Позавчера до ночи сидела с хозяйкой, глядя на необычный малиновый ветреный закат, она вдруг сказала:

— Такие закаты, как сегодня, бывают на Иордане.

— На Иордане?

— На реке Иордане, в Израиле.

— Откуда вы знаете?

— Мне рассказывали, после работы они все собираются и глядят.

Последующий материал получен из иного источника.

text \<open>A nonnegative real quadratic 2at + bt^2 has no linear term; the basis of all variational arguments.\<close>
lemma nonneg_quadratic_imp_linear_coeff_zero:
  fixes a b :: real
  assumes "b \<ge> 0" "\<And>t. 0 \<le> 2*t*a + t^2*b"
  shows "a = 0"
proof -
  define t where "t = - a/(b+1)"
  have tb: "t*(b+1) = -a" using assms(1) by (simp add: t_def)
  have "0 \<le> (2*t*a + t^2*b) * (b+1)^2" using assms by simp
  also have "(2*t*a + t^2*b) * (b+1)^2 = 2*a*(t*(b+1))*(b+1) + (t*(b+1))^2*b"
    by (simp add: power2_eq_square algebra_simps)
  also have "\<dots> = 2*a*(-a)*(b+1) + (-a)^2*b" by (simp only: tb)
  also have "\<dots> = - (a^2 * (b + 2))" by (simp add: power2_eq_square algebra_simps)
  finally have "a^2 * (b+2) \<le> 0" by simp
  then show ?thesis using assms(1) by (simp add: mult_le_0_iff)
qed

lemma psd_quadratic_expand:
  assumes "psd A"
  shows "(v + t *\<^sub>R w) \<bullet> (A *v (v + t *\<^sub>R w)) =
     v \<bullet> (A *v v) + 2*t*(w \<bullet> (A *v v)) + t^2 * (w \<bullet> (A *v w))"
proof -
  have "v \<bullet> (A *v w) = w \<bullet> (A *v v)"
    using psd_self_adjoint[OF assms, of w v] by (simp add: inner_commute)
  then show ?thesis
    by (simp add: matrix_vector_right_distrib matrix_vector_mult_cscaleR inner_add_left
        inner_add_right power2_eq_square algebra_simps)
qed

lemma psd_form_zero_imp_kernel:
  assumes "psd A" "v \<bullet> (A *v v) = 0"
  shows "A *v v = 0"
proof -
  let ?w = "A *v v"
  have pos: "0 \<le> x \<bullet> (A *v x)" for x using assms(1) by (simp add: psd_iff_inner)
  have "?w \<bullet> ?w = 0"
  proof (rule nonneg_quadratic_imp_linear_coeff_zero)
    show "0 \<le> ?w \<bullet> (A *v ?w)" by (rule pos)
    show "0 \<le> 2*t*(?w \<bullet> ?w) + t^2 * (?w \<bullet> (A *v ?w))" for t
      using pos[of "v + t *\<^sub>R ?w"] psd_quadratic_expand[OF assms(1), of v t ?w] assms(2) by simp
  qed
  then show ?thesis by simp
qed

definition nullspace :: "complex^'n::finite^'n \<Rightarrow> (complex^'n) set" where
  "nullspace X = {v. X *v v = 0}"

lemma nullspace_subspace: "vec.subspace (nullspace X)"
  unfolding nullspace_def by (rule vec.subspace_kernel)

lemma vec_subspace_imp_subspace: "vec.subspace (W::(complex^'n::finite) set) \<Longrightarrow> subspace W"
  unfolding subspace_def vec.subspace_def by (simp add: scaleR_eq_cscale)

lemma psd_zero: "psd (0::'n::finite qop)"
  by (simp add: psd_iff_inner)

lemma psd_add: "psd A \<Longrightarrow> psd B \<Longrightarrow> psd (A + B)"
  by (simp add: psd_iff_inner matrix_vector_mult_add_rdistrib inner_add_right)

lemma psd_sum: "finite K \<Longrightarrow> (\<And>k. k \<in> K \<Longrightarrow> psd (A k)) \<Longrightarrow> psd (\<Sum>k\<in>K. A k)"
  by (induction K rule: finite_induct) (auto simp: psd_add psd_zero)

lemma nullspace_psd_add:
  assumes "psd A" "psd B"
  shows "nullspace (A + B) = nullspace A \<inter> nullspace B"
proof
  show "nullspace A \<inter> nullspace B \<subseteq> nullspace (A + B)"
    by (auto simp: nullspace_def matrix_vector_mult_add_rdistrib)
  show "nullspace (A + B) \<subseteq> nullspace A \<inter> nullspace B"
  proof
    fix v assume "v \<in> nullspace (A + B)"
    then have "v \<bullet> (A *v v) + v \<bullet> (B *v v) = 0"
      by (simp add: nullspace_def matrix_vector_mult_add_rdistrib flip: inner_add_right)
    moreover have "0 \<le> v \<bullet> (A *v v)" "0 \<le> v \<bullet> (B *v v)"
      using assms by (auto simp: psd_iff_inner)
    ultimately have "v \<bullet> (A *v v) = 0" "v \<bullet> (B *v v) = 0" by linarith+
    then show "v \<in> nullspace A \<inter> nullspace B"
      using psd_form_zero_imp_kernel assms by (auto simp: nullspace_def)
  qed
qed

lemma nullspace_psd_sum_subset:
  assumes "finite K" "\<And>k. k \<in> K \<Longrightarrow> psd (A k)" "k \<in> K"
  shows "nullspace (\<Sum>k\<in>K. A k) \<subseteq> nullspace (A k)"
proof -
  have "(\<Sum>k\<in>K. A k) = A k + (\<Sum>k\<in>K-{k}. A k)"
    using assms by (simp add: sum.remove)
  moreover have "psd (\<Sum>k\<in>K-{k}. A k)" using assms by (intro psd_sum) auto
  ultimately show ?thesis using nullspace_psd_add assms by auto
qed

lemma range_psd_eq_orthogonal_nullspace:
  assumes "psd A"
  shows "range ((*v) A) = (nullspace A)\<^sup>\<bottom>"
proof -
  have lin: "linear ((*v) A)" by simp
  have "adjoint ((*v) A) = (*v) A"
    by (rule adjoint_unique) (simp add: psd_self_adjoint[OF assms])
  then have "nullspace A = (range ((*v) A))\<^sup>\<bottom>"
    using ker_orthogonal_comp_adjoint[OF lin] by (auto simp: nullspace_def)
  moreover have "subspace (range ((*v) A))"
    using lin linear_subspace_image subspace_UNIV by blast
  ultimately show ?thesis by (simp add: orthogonal_comp_self)
qed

— Кто, кто говорил, когда?

— Не помню, — уклонилась она.

Из подкрепляющего чтения:

«Пока живем мы в этом теле, мы решительно должны избегать этого чувственного и всячески остерегаться, чтобы липкостью его не склеились наши крылья, которым нужно быть вполне свободными и совершенными, чтобы мы могли воспарить к иному свету из этой тьмы, ибо свет тот не удостоит и показаться заключенным в эту клетку, если они не будут такими, чтобы могли, разбив и разломив ее, улететь в свои воздушные области» (Блаженный Августин. Монологи, I, 14).

Прошла ночка плохо. Пес лает. Просыпаюсь. Вот он, кажется, затих. Буркнул два раза и смолк. Ну, слава Богу. Наверное, проехали дальней дорогой из гостей. В эти дни в Латвии свадьба. Ну и ладно. А мы спать. Завтра встану пораньше и доплыву до того берега.